Zig Ziglar once said “Failure is not a person, it’s an event."  Everyone fails at some point or another, but it's important to note that "failure” is not the same as “failing”. Failure is permanent but “failing” is temporary. Failing can be classified as a setback or a disappointment, but failure suggests that it's the end of the journey. Most people can cope with setbacks because setbacks are an inevitable part of life's journey.  
 

FAILING IS INSTRUCTIVE
 
Can you think of a time when you thought you had failed, only to discover that it was the best mistake you ever made.  Perhaps you were really disappointed because you thought you had found your dream job but you didn’t make it through the interview process.  
 
Perhaps an even better job opportunity came along and now you almost cringe when you think about the opportunity you almost never had.
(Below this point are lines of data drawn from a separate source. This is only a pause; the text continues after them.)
text \<open>An additive map \<open>J\<close> from l^q to l^p with \<open>||x||_q\<close> comparable to \<open>||J x||_p\<close>
  cannot exist for \<open>p \<noteq> q\<close>. The images of the unit vectors are bounded, so a subsequence of
  them converges coordinatewise; differences of its terms give vectors \<open>d\<^sub>j\<close> with
  \<open>||d\<^sub>j||_q^q = 2\<close> whose images are coordinatewise null and bounded away from zero. By a
  gliding hump argument, a further subsequence has essentially disjointly supported images, so
  \<open>||J (d\<^sub>1 + ... + d\<^sub>N)||_p^p\<close> grows like \<open>N\<close>, whereas
  \<open>||d\<^sub>1 + ... + d\<^sub>N||_q^q = 2 N\<close> forces growth like \<open>N^(p/q)\<close>. An invertible
  operator from l^q \<oplus> Y onto l^p restricts to such a \<open>J\<close> on l^q \<oplus> 0, which excludes
  both one-sided extensions.

  Norms are handled through \<open>p\<close>-th power sums and the quasi-triangle inequality
  \<open>|a + b|^p \<le> 2^p (|a|^p + |b|^p)\<close>.\<close>

section \<open>Power sums of sequences\<close>

definition lp_set :: "real \<Rightarrow> (nat \<Rightarrow> complex) set" where
  "lp_set p = {x. summable (\<lambda>n. cmod (x n) powr p)}"

definition lp_powsum :: "real \<Rightarrow> (nat \<Rightarrow> complex) \<Rightarrow> real" where
  "lp_powsum p x = (\<Sum>n. cmod (x n) powr p)"

lemma carrier_lp_space [simp]: "carrier (lp_space p) = lp_set p"
  by (simp add: lp_space_def lp_set_def)

lemma vadd_lp_space [simp]: "vadd (lp_space p) x y = (\<lambda>n. x n + y n)"
  by (simp add: lp_space_def)

lemma vnorm_lp_space [simp]: "vnorm (lp_space p) x = lp_powsum p x powr (1 / p)"
  by (simp add: lp_space_def lp_powsum_def)

lemma norm_add_powr_le:
  fixes a b :: "'a::real_normed_vector"
  assumes "0 \<le> p"
  shows "norm (a + b) powr p \<le> 2 powr p * (norm a powr p + norm b powr p)"
proof -
  have "norm (a + b) \<le> 2 * max (norm a) (norm b)"
    using norm_triangle_ineq[of a b] by linarith
  then have "norm (a + b) powr p \<le> (2 * max (norm a) (norm b)) powr p"
    by (simp add: assms powr_mono2)
  also have "\<dots> = 2 powr p * max (norm a) (norm b) powr p"
    by (simp add: powr_mult)
  also have "max (norm a) (norm b) powr p \<le> norm a powr p + norm b powr p"
    by (simp add: max_def)
  finally show ?thesis
    by (simp add: mult_left_mono)
qed

lemma lp_powsum_nonneg: "x \<in> lp_set p \<Longrightarrow> 0 \<le> lp_powsum p x"
  unfolding lp_powsum_def lp_set_def by (rule suminf_nonneg) auto

lemma lp_set_finite_support:
  assumes "finite A" and "\<And>k. k \<notin> A \<Longrightarrow> x k = 0"
  shows "x \<in> lp_set p" and "lp_powsum p x = (\<Sum>k\<in>A. cmod (x k) powr p)"
  using summable_finite[of A "\<lambda>k. cmod (x k) powr p"] suminf_finite[of A "\<lambda>k. cmod (x k) powr p"]
    assms by (auto simp: lp_set_def lp_powsum_def)

lemma lp_set_add:
  assumes "0 \<le> p" and "x \<in> lp_set p" and "y \<in> lp_set p"
  shows "(\<lambda>k. x k + y k) \<in> lp_set p"
  unfolding lp_set_def mem_Collect_eq
proof (rule summable_comparison_test)
  show "summable (\<lambda>n. 2 powr p * (cmod (x n) powr p + cmod (y n) powr p))"
    using assms by (auto simp: lp_set_def intro: summable_mult summable_add)
qed (use norm_add_powr_le[OF assms(1)] in auto)

lemma lp_powsum_add_le:
  assumes "0 \<le> p" and x: "x \<in> lp_set p" and y: "y \<in> lp_set p"
  shows "lp_powsum p (\<lambda>k. x k + y k) \<le> 2 powr p * (lp_powsum p x + lp_powsum p y)"
proof -
  have "lp_powsum p (\<lambda>k. x k + y k) \<le> (\<Sum>n. 2 powr p * (cmod (x n) powr p + cmod (y n) powr p))"
    unfolding lp_powsum_def using lp_set_add[OF assms] x y
    by (intro suminf_le norm_add_powr_le assms(1))
       (auto simp: lp_set_def intro: summable_mult summable_add)
  also have "\<dots> = 2 powr p * (lp_powsum p x + lp_powsum p y)"
    using x y by (simp add: lp_powsum_def lp_set_def suminf_mult summable_add suminf_add[symmetric])
  finally show ?thesis .
qed

lemma lp_set_uminus_iff [simp]: "(\<lambda>k. - x k) \<in> lp_set p \<longleftrightarrow> x \<in> lp_set p"
  by (simp add: lp_set_def)

lemma lp_powsum_uminus [simp]: "lp_powsum p (\<lambda>k. - x k) = lp_powsum p x"
  by (simp add: lp_powsum_def)

lemma lp_powsum_add_disjoint:
  assumes "x \<in> lp_set p" and "y \<in> lp_set p" and "\<And>k. x k = 0 \<or> y k = 0"
  shows "lp_powsum p (\<lambda>k. x k + y k) = lp_powsum p x + lp_powsum p y"
proof -
  have "cmod (x n + y n) powr p = cmod (x n) powr p + cmod (y n) powr p" for n
    using assms(3)[of n] by auto
  then show ?thesis
    using assms(1,2) by (simp add: lp_powsum_def lp_set_def suminf_add)
qed

lemma lp_set_sum:
  fixes N :: nat
  assumes "0 \<le> p" and "\<And>i. i < N \<Longrightarrow> x i \<in> lp_set p"
  shows "(\<lambda>k. \<Sum>i<N. x i k) \<in> lp_set p"
  using assms(2)
proof (induction N)
  case 0
  then show ?case by (simp add: lp_set_def)
next
  case (Suc N)
  then show ?case
    using lp_set_add[OF assms(1), of "\<lambda>k. \<Sum>i<N. x i k" "x N"] by simp
qed

text \<open>The weights grow with \<open>i\<close>; they are made harmless below by choosing the \<open>i\<close>-th
  summand small enough.\<close>
lemma lp_powsum_sum_le:
  assumes "0 \<le> p" and "\<And>i. i < N \<Longrightarrow> x i \<in> lp_set p"
  shows "lp_powsum p (\<lambda>k. \<Sum>i<N. x i k) \<le> (\<Sum>i<N. 2 powr (p * Suc i) * lp_powsum p (x i))"
  using assms(2)
proof (induction N arbitrary: x)
  case 0
  then show ?case by (simp add: lp_powsum_def)
next
  case (Suc N)
  have tail: "\<And>i. i < N \<Longrightarrow> x (Suc i) \<in> lp_set p"
    using Suc.prems by simp
  have "lp_powsum p (\<lambda>k. \<Sum>i<Suc N. x i k) = lp_powsum p (\<lambda>k. x 0 k + (\<Sum>i<N. x (Suc i) k))"
    by (simp only: sum.lessThan_Suc_shift)
  also have "\<dots> \<le> 2 powr p * (lp_powsum p (x 0) + lp_powsum p (\<lambda>k. \<Sum>i<N. x (Suc i) k))"
    using lp_powsum_add_le[OF assms(1) Suc.prems[of 0] lp_set_sum[OF assms(1) tail]] by simp
  also have "\<dots> \<le> 2 powr p * (lp_powsum p (x 0)
      + (\<Sum>i<N. 2 powr (p * Suc i) * lp_powsum p (x (Suc i))))"
    using Suc.IH[OF tail] by (intro mult_left_mono add_left_mono) auto
  also have "\<dots> = (\<Sum>i<Suc N. 2 powr (p * Suc i) * lp_powsum p (x i))"
    by (simp only: sum.lessThan_Suc_shift)
       (simp add: sum_distrib_left powr_add[symmetric] algebra_simps)
  finally show ?case .
qed

lemma lp_powsum_sum_disjoint:
  fixes N :: nat
  assumes "0 \<le> p" and "\<And>i. i < N \<Longrightarrow> x i \<in> lp_set p"
    and "\<And>i j k. i < N \<Longrightarrow> j < N \<Longrightarrow> i \<noteq> j \<Longrightarrow> x i k = 0 \<or> x j k = 0"
  shows "lp_powsum p (\<lambda>k. \<Sum>i<N. x i k) = (\<Sum>i<N. lp_powsum p (x i))"
  using assms(2,3)
proof (induction N)
  case 0
  then show ?case by (simp add: lp_powsum_def)
next
  case (Suc N)
  have "(\<Sum>i<N. x i k) = 0 \<or> x N k = 0" for k
    using Suc.prems(2)[of _ N k] by (cases "x N k = 0") auto
  then have "lp_powsum p (\<lambda>k. (\<Sum>i<N. x i k) + x N k)
      = lp_powsum p (\<lambda>k. \<Sum>i<N. x i k) + lp_powsum p (x N)"
    using Suc.prems(1) by (intro lp_powsum_add_disjoint lp_set_sum[OF assms(1)]) auto
  then show ?case
    using Suc by simp
qed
And how getting the job you wanted would have limited your horizons. Failing can introduce us to new opportunities that arise as a direct consequence of failing. Failing is an opportunity to grow. It's instructive; therefore, it can point you in another direction - towards the real goal.
 

THE IMPORTANCE OF CONSISTENT EFFORT
 
It’s a fact that the only thing you can achieve in life without effort is failure. Benjamin Franklin said “I didn’t fail the test. I just found 100 ways to do it wrong.” You can’t lose with an attitude like that. Why? Because your goals and objectives are bigger than that one event of failing. Failing is not falling down, it is refusing to get up again.  You get up again if you are committed to achieving your goal and understand that you have to be consistent in re-examining, re-trying and raising your game. 
 

FEAR OF FAILURE
 
Other people’s negative opinions can break down your confidence and focus your mind on failure.  Therefore, you ought to put “other people’s opinions” firmly in its place. Letting others define what is a failure for you is a mistake. It's "you" that has to pick “you” up and try again. If others are defining failure for you, they won't help you to try again. The reality is, they don’t have your unique perspective on the issue.  Think for a moment about the goals you would set for yourself if you knew you could not fail and there's no danger of being ridiculed.  Those goals represent your untapped potential and unexplored possibilities.
 

A MINDSET FOR SUCCESS
 
For some, the prospect of giving up drives them to take action they might not have otherwise taken. People learn more from failing than from succeeding. Failing encourages tenacity. And tenacity builds character and determination. If you have ever achieved success after failing consistently, you will have learnt that whether you think you can or think you can’t – you’re right!  You would have also learnt that every mistake serves a purpose and can spur you on to better informed actions. Failing shows you how not to do it next time round. And when you have accumulated much knowledge on how not to do something, you become “an expert” by default. 
 

THE IMPORTANCE OF LEARNING
 
Failing can cause you to fall forward. It can lead you to the very thing you thought you were failing to achieve. In order to achieve your goals you have to "learn how" to achieve your goals.  Failing can make you smarter and more flexible than those who achieve success the first time round and with little effort because they have access to resources. Treat failing as a false start. False starts take you one step closer to your goal if you view your mistakes as valuable feedback. 
 
To use a metaphor, failing is like an irritating SatNav system that takes you on a joy ride; makes you late for your appointment and leaves you exasperated. But it get’s you to your destination eventually, if you refuse to abort the journey.  If you don’t mind travelling in the slow lane for a while, you could discover more interesting and scenic routes to your destination.